No. That's expected. Your range is a value type, so it got copied when you used it with foreach. Otherwise, if you did

Foo foo
foreach(val; foo)
{}
assert(foo.empty);

that assertion would pass, but it doesn't, and it shouldn't. If your range was a reference type (e.g. if it were a class or it was like the ranges in std.stdio which deal with I/O), then using it with foreach would consume it, but that won't happen with a value type range.

- Jonathan M Davis
May 16, 2012
Nick Sabalausky:

> It seems that foreach is iterating over an implicit copy of 'foo' instead of
> 'foo' itself. Is this correct behavior, or a DMD bug?

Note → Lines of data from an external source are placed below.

(* Let $\mathbf{a}=(a_n)_{n\geq 1}$ be a strong divisibility sequence. Then for every positive integer $n$, \[\mathrm{lcm}(a_1,a_2,\dots,a_n)=\gcd\left\{\binom{n}{k}_{\mathbf{a}}\,\mathrm{lcm}(a_1,\dots,a_k)\;:\; k\in\mathbb{N},\ n/2\leq k\leq n\right\}.\]
   Context: A strong divisibility sequence is a sequence of positive integers $(a_n)_{n\geq1}$ such that $\gcd(a_n,a_m)=a_{\gcd(n,m)}$ for all positive integers $n,m$. For integers $0\leq k\leq n$, the $\mathbf{a}$-binomial coefficient is $\binom{n}{k}_{\mathbf{a}}:=\frac{a_na_{n-1}\cdots a_{n-k+1}}{a_1a_2\cdots a_k}$ (empty products equal $1$); for a strong divisibility sequence these are positive integers. *)

theory Defs
  imports Main
begin

definition strong_divisibility_seq :: "(nat \<Rightarrow> nat) \<Rightarrow> bool" where
  "strong_divisibility_seq a \<longleftrightarrow>
     (\<forall>n\<ge>1. a n > 0) \<and> (\<forall>n\<ge>1. \<forall>m\<ge>1. gcd (a n) (a m) = a (gcd n m))"

text \<open>a-binomial coefficient (a_n ... a_{n-k+1}) / (a_1 ... a_k); for strong divisibility
 sequences the quotient is an integer, so natural-number division is exact.\<close>
definition a_binom :: "(nat \<Rightarrow> nat) \<Rightarrow> nat \<Rightarrow> nat \<Rightarrow> nat" where
  "a_binom a n k = (\<Prod>i\<in>{n-k<..n}. a i) div (\<Prod>i\<in>{1..k}. a i)"

end

theory Submission
  imports Defs "HOL-Computational_Algebra.Primes"
begin

text \<open>By strong divisibility, the indices \<open>i \<ge> 1\<close> with \<open>q dvd a i\<close> are exactly the multiples of
  a single \<open>r\<close>, so a window \<open>{m<..n}\<close> contains \<open>n div r - m div r\<close> of them. Since the
  \<open>p\<close>-adic valuation of a product of positive numbers is the sum over \<open>e \<ge> 1\<close> of the number of
  factors divisible by \<open>p ^ e\<close>, divisibilities between such products reduce to floor
  inequalities, one prime power at a time. This shows that the \<open>a\<close>-binomial coefficient is
  exact and that every \<open>a i\<close> with \<open>i \<le> n\<close> divides each member of the set when
  \<open>n \<le> 2 * k\<close>; conversely the member for \<open>k = n\<close> is \<open>Lcm (a ` {1..n})\<close> itself.\<close>

lemma multiplicity_eq_card_prime_powers_dvd:
  fixes x :: nat
  assumes "prime p" "x \<noteq> 0" "multiplicity p x \<le> M"
  shows "multiplicity p x = card {e\<in>{1..M}. p ^ e dvd x}"
proof -
  have "\<not> is_unit p"
    using assms(1) not_prime_unit by blast
  then have "{e\<in>{1..M}. p ^ e dvd x} = {1..multiplicity p x}"
    using assms(2,3) by (auto simp: power_dvd_iff_le_multiplicity)
  then show ?thesis by simp
qed

lemma multiplicity_prod_mset_eq_sum_count_dvd:
  fixes X :: "nat multiset"
  assumes p: "prime p" and "0 \<notin># X" and "\<forall>z\<in>#X. multiplicity p z \<le> M"
  shows "multiplicity p (\<Prod>\<^sub># X) = (\<Sum>e\<in>{1..M}. size {#z \<in># X. p ^ e dvd z#})"
  using assms(2,3)
proof (induction X)
  case empty
  then show ?case by simp
next
  case (add z X)
  have size_filter_add_mset: "size {#y \<in># add_mset z X. p ^ e dvd y#}
      = (if p ^ e dvd z then 1 else 0) + size {#y \<in># X. p ^ e dvd y#}" for e
    by simp
  have "multiplicity p (\<Prod>\<^sub># (add_mset z X)) = multiplicity p z + multiplicity p (\<Prod>\<^sub># X)"
    using add.prems p by (simp add: prime_elem_multiplicity_mult_distrib)
  also have "multiplicity p z = card {e\<in>{1..M}. p ^ e dvd z}"
    using add.prems p by (intro multiplicity_eq_card_prime_powers_dvd) auto
  also have "\<dots> = (\<Sum>e\<in>{1..M}. if p ^ e dvd z then 1 else 0)"
    by (simp add: sum.If_cases Int_def conj_commute)
  finally show ?case
    unfolding size_filter_add_mset sum.distrib using add by simp
qed

lemma prod_mset_dvd_if_count_prime_power_dvd_le:
  fixes X Y :: "nat multiset"
  assumes "0 \<notin># X" "0 \<notin># Y"
    and count_le: "\<And>p e. prime p \<Longrightarrow> e > 0 \<Longrightarrow>
      size {#z \<in># X. p ^ e dvd z#} \<le> size {#z \<in># Y. p ^ e dvd z#}"
  shows "\<Prod>\<^sub># X dvd \<Prod>\<^sub># Y"
proof (rule multiplicity_le_imp_dvd)
  show "\<Prod>\<^sub># X \<noteq> 0" using assms(1) by simp
  fix p :: nat assume p: "prime p"
  define M where "M = multiplicity p (\<Prod>\<^sub># X) + multiplicity p (\<Prod>\<^sub># Y)"
  have bound: "\<forall>z\<in>#Z. multiplicity p z \<le> M"
    if "0 \<notin># Z" "multiplicity p (\<Prod>\<^sub># Z) \<le> M" for Z :: "nat multiset"
    using that by (metis dvd_imp_multiplicity_le dvd_prod_mset le_trans prod_mset_zero_iff)
  have "multiplicity p (\<Prod>\<^sub># X) = (\<Sum>e\<in>{1..M}. size {#z \<in># X. p ^ e dvd z#})"
    using assms(1) bound[OF assms(1)] by (intro multiplicity_prod_mset_eq_sum_count_dvd p) (auto simp: M_def)
  also have "\<dots> \<le> (\<Sum>e\<in>{1..M}. size {#z \<in># Y. p ^ e dvd z#})"
    by (intro sum_mono count_le p) auto
  also have "\<dots> = multiplicity p (\<Prod>\<^sub># Y)"
    using assms(2) bound[OF assms(2)] by (intro multiplicity_prod_mset_eq_sum_count_dvd[symmetric] p) (auto simp: M_def)
  finally show "multiplicity p (\<Prod>\<^sub># X) \<le> multiplicity p (\<Prod>\<^sub># Y)" .
qed

lemma strong_divisibility_seq_nonzero:
  "strong_divisibility_seq a \<Longrightarrow> i > 0 \<Longrightarrow> a i \<noteq> 0"
  unfolding strong_divisibility_seq_def by (simp add: Suc_le_eq)

lemma strong_divisibility_seq_gcd:
  "strong_divisibility_seq a \<Longrightarrow> i \<ge> 1 \<Longrightarrow> j \<ge> 1 \<Longrightarrow> gcd (a i) (a j) = a (gcd i j)"
  unfolding strong_divisibility_seq_def by auto

text \<open>\<open>r = 0\<close> encodes that \<open>q\<close> divides no term, as \<open>0 dvd i\<close> fails for \<open>i \<ge> 1\<close>.\<close>

lemma strong_divisibility_seq_dvd_iff_multiple:
  assumes sds: "strong_divisibility_seq a"
  obtains r where "\<And>i. i \<ge> 1 \<Longrightarrow> q dvd a i \<longleftrightarrow> r dvd i"
proof (cases "\<exists>i\<ge>1. q dvd a i")
  case False
  then show ?thesis by (intro that[of 0]) auto
next
  case True
  define r where "r = (LEAST i. i \<ge> 1 \<and> q dvd a i)"
  have r: "r \<ge> 1" "q dvd a r"
    unfolding r_def using LeastI_ex[OF True] by auto
  have r_least: "r \<le> i" if "i \<ge> 1" "q dvd a i" for i
    unfolding r_def using that by (simp add: Least_le)
  show ?thesis
  proof (rule that, rule iffI)
    fix i :: nat assume i: "i \<ge> 1" "q dvd a i"
    have "q dvd a (gcd r i)"
      using i r by (simp flip: strong_divisibility_seq_gcd[OF sds])
    then have "r \<le> gcd r i"
      using i by (intro r_least) (simp_all add: Suc_le_eq)
    then show "r dvd i"
      using r(1) by (metis gcd_dvd2 gcd_le1_nat le_antisym not_one_le_zero)
  next
    fix i :: nat assume "i \<ge> 1" "r dvd i"
    then have "a r dvd a i"
      using r(1) by (metis gcd_nat.absorb1 gcd_dvd2 strong_divisibility_seq_gcd[OF sds])
    then show "q dvd a i" using r(2) by (rule dvd_trans[rotated])
  qed
qed

lemma card_multiples_greaterThanAtMost:
  fixes r :: nat
  assumes "m \<le> n"
  shows "card {i\<in>{m<..n}. r dvd i} = n div r - m div r"
proof -
  have card_upto: "card {i\<in>{0<..n}. r dvd i} = n div r" for n
  proof (induction n)
    case (Suc n)
    have "{i\<in>{0<..Suc n}. r dvd i} =
        (if r dvd Suc n then insert (Suc n) {i\<in>{0<..n}. r dvd i} else {i\<in>{0<..n}. r dvd i})"
      by (auto simp: le_Suc_eq)
    then show ?case
      using Suc by (cases "r = 0") (auto simp: div_Suc dvd_eq_mod_eq_0)
  qed simp
  have "{i\<in>{m<..n}. r dvd i} = {i\<in>{0<..n}. r dvd i} - {i\<in>{0<..m}. r dvd i}"
    using assms by auto
  also have "card \<dots> = card {i\<in>{0<..n}. r dvd i} - card {i\<in>{0<..m}. r dvd i}"
    using assms by (intro card_Diff_subset) auto
  finally show ?thesis by (simp only: card_upto)
qed

lemma strong_divisibility_seq_count_dvd:
  assumes "strong_divisibility_seq a"
  obtains r where "\<And>i. i \<ge> 1 \<Longrightarrow> q dvd a i \<longleftrightarrow> r dvd i"
    and "\<And>m n. m \<le> n \<Longrightarrow> card {j\<in>{m<..n}. q dvd a j} = n div r - m div r"
proof -
  obtain r where r: "\<And>i. i \<ge> 1 \<Longrightarrow> q dvd a i \<longleftrightarrow> r dvd i"
    using strong_divisibility_seq_dvd_iff_multiple[OF assms] by blast
  show ?thesis
  proof (rule that[OF r])
    fix m n :: nat assume "m \<le> n"
    have "{j\<in>{m<..n}. q dvd a j} = {j\<in>{m<..n}. r dvd j}"
      using r by (auto simp: Suc_le_eq)
    then show "card {j\<in>{m<..n}. q dvd a j} = n div r - m div r"
      using \<open>m \<le> n\<close> by (simp only: card_multiples_greaterThanAtMost)
  qed
qed

lemma strong_divisibility_seq_count_dvd_le:
  assumes "strong_divisibility_seq a" "k \<le> n"
  shows "card {j\<in>{1..k}. q dvd a j} \<le> card {j\<in>{n-k<..n}. q dvd a j}"
proof -
  obtain r where "\<And>i. i \<ge> 1 \<Longrightarrow> q dvd a i \<longleftrightarrow> r dvd i"
    and count: "\<And>m n. m \<le> n \<Longrightarrow> card {j\<in>{m<..n}. q dvd a j} = n div r - m div r"
    using strong_divisibility_seq_count_dvd[OF assms(1), where q=q] by blast
  have "(n - k) div r + k div r \<le> (n - k + k) div r"
    by (subst div_add1_eq) (rule le_add1)
  then have "k div r \<le> n div r - (n - k) div r"
    using assms(2) by simp
  moreover have "{j\<in>{1..k}. q dvd a j} = {j\<in>{0<..k}. q dvd a j}"
    by auto
  ultimately show ?thesis
    using count[of 0 k] count[of "n - k" n] assms(2) by simp
qed

lemma strong_divisibility_seq_count_dvd_le_Lcm:
  assumes sds: "strong_divisibility_seq a" and "n \<le> 2 * k" "k \<le> n" "1 \<le> i" "i \<le> n"
  shows "(if q dvd a i then 1 else 0) + card {j\<in>{1..k}. q dvd a j}
    \<le> card {j\<in>{n-k<..n}. q dvd a j} + (if q dvd Lcm (a ` {1..k}) then 1 else 0)"
proof -
  obtain r where r: "\<And>i. i \<ge> 1 \<Longrightarrow> q dvd a i \<longleftrightarrow> r dvd i"
    and count: "\<And>m n. m \<le> n \<Longrightarrow> card {j\<in>{m<..n}. q dvd a j} = n div r - m div r"
    using strong_divisibility_seq_count_dvd[OF sds, where q=q] by blast
  have le: "card {j\<in>{1..k}. q dvd a j} \<le> card {j\<in>{n-k<..n}. q dvd a j}"
    using strong_divisibility_seq_count_dvd_le[OF sds \<open>k \<le> n\<close>] .
  consider "\<not> q dvd a i" | "q dvd Lcm (a ` {1..k})" | "q dvd a i" "k < r"
  proof (cases "q dvd a i \<and> r \<le> k")
    case True
    then have "r dvd i" using r \<open>1 \<le> i\<close> by blast
    then have "r \<ge> 1" using \<open>1 \<le> i\<close> by (cases "r = 0") auto
    then have "q dvd a r" using r by simp
    also have "a r dvd Lcm (a ` {1..k})" using \<open>r \<ge> 1\<close> True by simp
    finally show ?thesis using that by blast
  qed (use that in force)+
  then show ?thesis
  proof cases
    case 3
    then have "r dvd i" "r > 0" using r \<open>1 \<le> i\<close> by auto
    then have "r \<le> n" using assms(4,5) by (meson dvd_imp_le le_trans less_le_trans zero_less_one)
    then have "n div r \<ge> 1" using \<open>r > 0\<close> by (simp add: Suc_le_eq div_greater_zero_iff)
    have "{j\<in>{1..k}. q dvd a j} = {j\<in>{0<..k}. q dvd a j}" by auto
    then have "card {j\<in>{1..k}. q dvd a j} = k div r - 0 div r"
      using count[of 0 k] by simp
    also have "\<dots> = 0" using 3 by simp
    finally have c0: "card {j\<in>{1..k}. q dvd a j} = 0" .
    have cw: "card {j\<in>{n-k<..n}. q dvd a j} = n div r - (n - k) div r"
      using count \<open>k \<le> n\<close> by simp
    have "(n - k) div r = 0" using 3 assms(2) by simp
    then show ?thesis unfolding c0 cw using \<open>n div r \<ge> 1\<close> by simp
  qed (use le in auto)
qed

lemma size_filter_image_mset_mset_set:
  "finite A \<Longrightarrow> size {#z \<in># image_mset f (mset_set A). P z#} = card {x\<in>A. P (f x)}"
  by (simp add: filter_mset_image_mset)

lemma a_binom_mult_prod:
  assumes sds: "strong_divisibility_seq a" and "k \<le> n"
  shows "a_binom a n k * (\<Prod>j\<in>{1..k}. a j) = (\<Prod>j\<in>{n-k<..n}. a j)"
proof -
  have "(\<Prod>j\<in>{1..k}. a j) dvd (\<Prod>j\<in>{n-k<..n}. a j)"
    unfolding prod_unfold_prod_mset
  proof (rule prod_mset_dvd_if_count_prime_power_dvd_le)
    show "0 \<notin># image_mset a (mset_set {1..k})" "0 \<notin># image_mset a (mset_set {n-k<..n})"
      by (auto simp: strong_divisibility_seq_nonzero[OF sds])
  qed (simp only: size_filter_image_mset_mset_set finite_atLeastAtMost finite_greaterThanAtMost
      strong_divisibility_seq_count_dvd_le[OF assms])
  then show ?thesis
    unfolding a_binom_def by simp
qed

lemma dvd_a_binom_mult_Lcm:
  assumes sds: "strong_divisibility_seq a" and nk: "n \<le> 2 * k" "k \<le> n" and i: "1 \<le> i" "i \<le> n"
  shows "a i dvd a_binom a n k * Lcm (a ` {1..k})"
proof -
  let ?L = "Lcm (a ` {1..k})" and ?P = "\<Prod>j\<in>{1..k}. a j"
  have "?L \<noteq> 0" "?P \<noteq> 0" "a i \<noteq> 0"
    using i by (auto simp: Lcm_0_iff strong_divisibility_seq_nonzero[OF sds])
  have "a i * ?P dvd ?L * (\<Prod>j\<in>{n-k<..n}. a j)"
    unfolding prod_unfold_prod_mset prod_mset.add_mset[symmetric]
  proof (rule prod_mset_dvd_if_count_prime_power_dvd_le)
    show "0 \<notin># add_mset (a i) (image_mset a (mset_set {1..k}))"
      "0 \<notin># add_mset ?L (image_mset a (mset_set {n-k<..n}))"
      using \<open>a i \<noteq> 0\<close> \<open>?L \<noteq> 0\<close> by (auto simp: strong_divisibility_seq_nonzero[OF sds])
  next
    fix p e :: nat
    have "size {#z \<in># add_mset (a i) (image_mset a (mset_set {1..k})). p ^ e dvd z#}
        = (if p ^ e dvd a i then 1 else 0) + card {j\<in>{1..k}. p ^ e dvd a j}"
      by (simp add: size_filter_image_mset_mset_set)
    moreover have "size {#z \<in># add_mset ?L (image_mset a (mset_set {n-k<..n})). p ^ e dvd z#}
        = card {j\<in>{n-k<..n}. p ^ e dvd a j} + (if p ^ e dvd ?L then 1 else 0)"
      by (simp add: size_filter_image_mset_mset_set)
    ultimately show "size {#z \<in># add_mset (a i) (image_mset a (mset_set {1..k})). p ^ e dvd z#}
        \<le> size {#z \<in># add_mset ?L (image_mset a (mset_set {n-k<..n})). p ^ e dvd z#}"
      using strong_divisibility_seq_count_dvd_le_Lcm[OF sds nk i, of "p ^ e"] by linarith
  qed
  also have "?L * (\<Prod>j\<in>{n-k<..n}. a j) = (a_binom a n k * ?L) * ?P"
    by (metis a_binom_mult_prod[OF sds nk(2)] mult.assoc mult.commute)
  finally have "a i * ?P dvd (a_binom a n k * ?L) * ?P" .
  then show ?thesis
    using dvd_times_right_cancel_iff[OF \<open>?P \<noteq> 0\<close>] by blast
qed

theorem corollary2:
  fixes a :: "nat \<Rightarrow> nat" and n :: nat
  assumes "strong_divisibility_seq a" and "n \<ge> 1"
  shows "Lcm (a ` {1..n}) =
         Gcd {a_binom a n k * Lcm (a ` {1..k}) | k. n \<le> 2 * k \<and> k \<le> n}"
proof (rule dvd_antisym)
  have "a_binom a n n = 1"
    using a_binom_mult_prod[OF assms(1), of n n]
    by (simp add: atLeastSucAtMost_greaterThanAtMost strong_divisibility_seq_nonzero[OF assms(1)])
  then show "Gcd {a_binom a n k * Lcm (a ` {1..k}) | k. n \<le> 2 * k \<and> k \<le> n} dvd Lcm (a ` {1..n})"
    by (intro Gcd_dvd) force
  show "Lcm (a ` {1..n}) dvd Gcd {a_binom a n k * Lcm (a ` {1..k}) | k. n \<le> 2 * k \<and> k \<le> n}"
    using dvd_a_binom_mult_Lcm[OF assms(1)] by (auto intro!: Gcd_greatest Lcm_least)
qed

end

This program prints "[11, 21, 31]" so for fixed-size arrays (that
are values as much as structs) it doesn't perform a copy:


import std.stdio;
void main() {
     int[3] a = [10, 20, 30];
     foreach (ref x; a)
         x++;
     writeln(a);
}

Bye,
bearophile
May 16, 2012
On Wednesday, May 16, 2012 09:15:06 bearophile wrote:
> Nick Sabalausky:
> > It seems that foreach is iterating over an implicit copy of
> > 'foo' instead of
> > 'foo' itself. Is this correct behavior, or a DMD bug?
> 
> This program prints "[11, 21, 31]" so for fixed-size arrays (that are values as much as structs) it doesn't perform a copy:
> 
> 
> import std.stdio;
> void main() {
>       int[3] a = [10, 20, 30];
>       foreach (ref x; a)
>           x++;
>       writeln(a);
> }

It probably slices the array, which would mean that it was operating on a dynamic array rather than a static one. But it could just generate different code for static arrays.

- Jonathan M Davis
May 16, 2012
On Wednesday, 16 May 2012 at 07:04:09 UTC, Jonathan M Davis wrote:
> that assertion would pass, but it doesn't, and it shouldn't. If your range was a reference type (e.g. if it were a class or it was like the ranges in std.stdio which deal with I/O), then using it with foreach would consume it, but that won't happen with a value type range.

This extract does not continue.